L'accusation s'ajoute à une liste déjà longue. L'anesthésiste de Besançon, le docteur Péchier, est à nouveau pointé du doigt dans une affaire d'empoisonnement présumé.

Cette fois, c'est une collègue et ancienne amie qui a assuré jeudi avoir aussi été victime de l'anesthésiste.

C'est son avocat qui s'est exprimé à sa place assurant que le dossier ne laissait aucun doute quant à la tentative d'empoisonnement à laquelle elle avait échappé.

Les faits remonteraient à avril 2016.  Catherine Nambot devait alors être opérée à la clinique Saint-Vincent pour une prothèse de l'épaule. C'est le docteur Péchier qui devait s'occuper de l'anesthésie de cette patiente alors en deuxième position sur le planning de la journée.

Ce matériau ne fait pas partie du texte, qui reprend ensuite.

text \<open>For x outside U, the algebra M = <U,x> covers U (upper modularity); the last term of
  the derived series whose trace K on M is not inside U satisfies the hypotheses of
  the covering lemma, so M = U + Fk for some k, and then M = U + Fx.\<close>
lemma semi_modular_quasi_ideal:
  assumes sol: "derived_series scale br m = {0}"
    and U: "lie_subalgebra scale br U" and sm: "semi_modular scale br U"
  shows "quasi_ideal U"
  unfolding quasi_ideal_def
proof (intro conjI ballI allI)
  have Us: "subspace U" using U by (rule subalgebra_subspace)
  then have spanU: "span U = U" by simp
  fix u x assume u: "u \<in> U"
  show "br u x \<in> span (insert x U)"
  proof (cases "x \<in> U")
    case True
    then show ?thesis using U u by (auto intro: span_base dest: subalgebra_br)
  next
    case False
    define M where "M = gen_sub scale br (U \<union> span {x})"
    have cov: "covers scale br M U"
      using sm line_covers_meet[OF Us False]
      unfolding M_def semi_modular_def upper_modular_def by blast
    then have Msub: "lie_subalgebra scale br M" and UM: "U \<subseteq> M"
      by (auto simp: covers_def)
    have xM: "x \<in> M" using gen_sub_superset span_base[of x "{x}"] unfolding M_def by blast
    let ?D = "derived_series scale br"
    obtain i where i: "\<not> ?D i \<inter> M \<subseteq> U" "?D (Suc i) \<inter> M \<subseteq> U"
      using derived_series_exit[OF sol subspace_0[OF Us], of M] xM False by blast
    then obtain k where k: "k \<in> ?D i \<inter> M" "k \<notin> U" by blast
    have "M \<subseteq> span (insert k U)"
    proof (rule covering_by_layer[OF U _ cov _ _ _ _ k])
      show "lower_modular scale br U" using sm by (simp add: semi_modular_def)
      show "subspace (?D i \<inter> M)"
        using derived_series_ideal ideal_subspace subalgebra_subspace[OF Msub] subspace_inter by blast
      show "br y k' \<in> ?D i \<inter> M" if "y \<in> M" "k' \<in> ?D i \<inter> M" for y k'
        using that derived_series_ideal[of i] ideal_br subalgebra_br[OF Msub] by blast
      show "br a b \<in> U" if "a \<in> ?D i \<inter> M" "b \<in> ?D i \<inter> M" for a b
        using that derived_series_br[of a i b] subalgebra_br[OF Msub] i(2) by blast
    qed auto
    then have "k \<in> span (insert x U)"
      using xM False in_span_insert[of x k U] by (auto simp: spanU)
    then have "span (insert k U) \<subseteq> span (insert x U)"
      by (intro span_minimal) (auto intro: span_base)
    moreover have "br u x \<in> M" using u UM xM subalgebra_br[OF Msub] by blast
    ultimately show ?thesis using \<open>M \<subseteq> span (insert k U)\<close> by blast
  qed
qed (rule U)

A voir aussi: L'anesthésiste soupçonné d'empoisonnements sous contrôle judiciaire, le parquet fait appel

"L'ami de ma cliente, un autre anesthésiste, était sur place, précise l'avocat. Il lui a proposé de l'anesthésier. Elle a dit d'accord. Et à ce moment-là elle a pris la première place des anesthésies du matin. Tous s'est très bien passé pour elle", a expliqué maître Alain Dreyfus-Schmidt au micro de France Bleu Besançon.

L'histoire aurait pu s'arrêter là. Sauf que la patiente ayant pris la seconde place elle, est décédée des suites de l'anesthésie pratiquée par le docteur Péchier. C'est en effet une surdose de produit anesthésiant qui a entraîné sa mort.

Pour Alain Dreyfus-Schmidt c'est une évidence et il en déduit "assez facilement" que sa cliente, brouillée depuis quelques semaines avec le docteur Péchier, était "évidemment" visée.

"Si son ami n'était pas intervenu à la dernière minute et bien elle ne serait sans doute plus là pour en parler", a lâché l'avocat.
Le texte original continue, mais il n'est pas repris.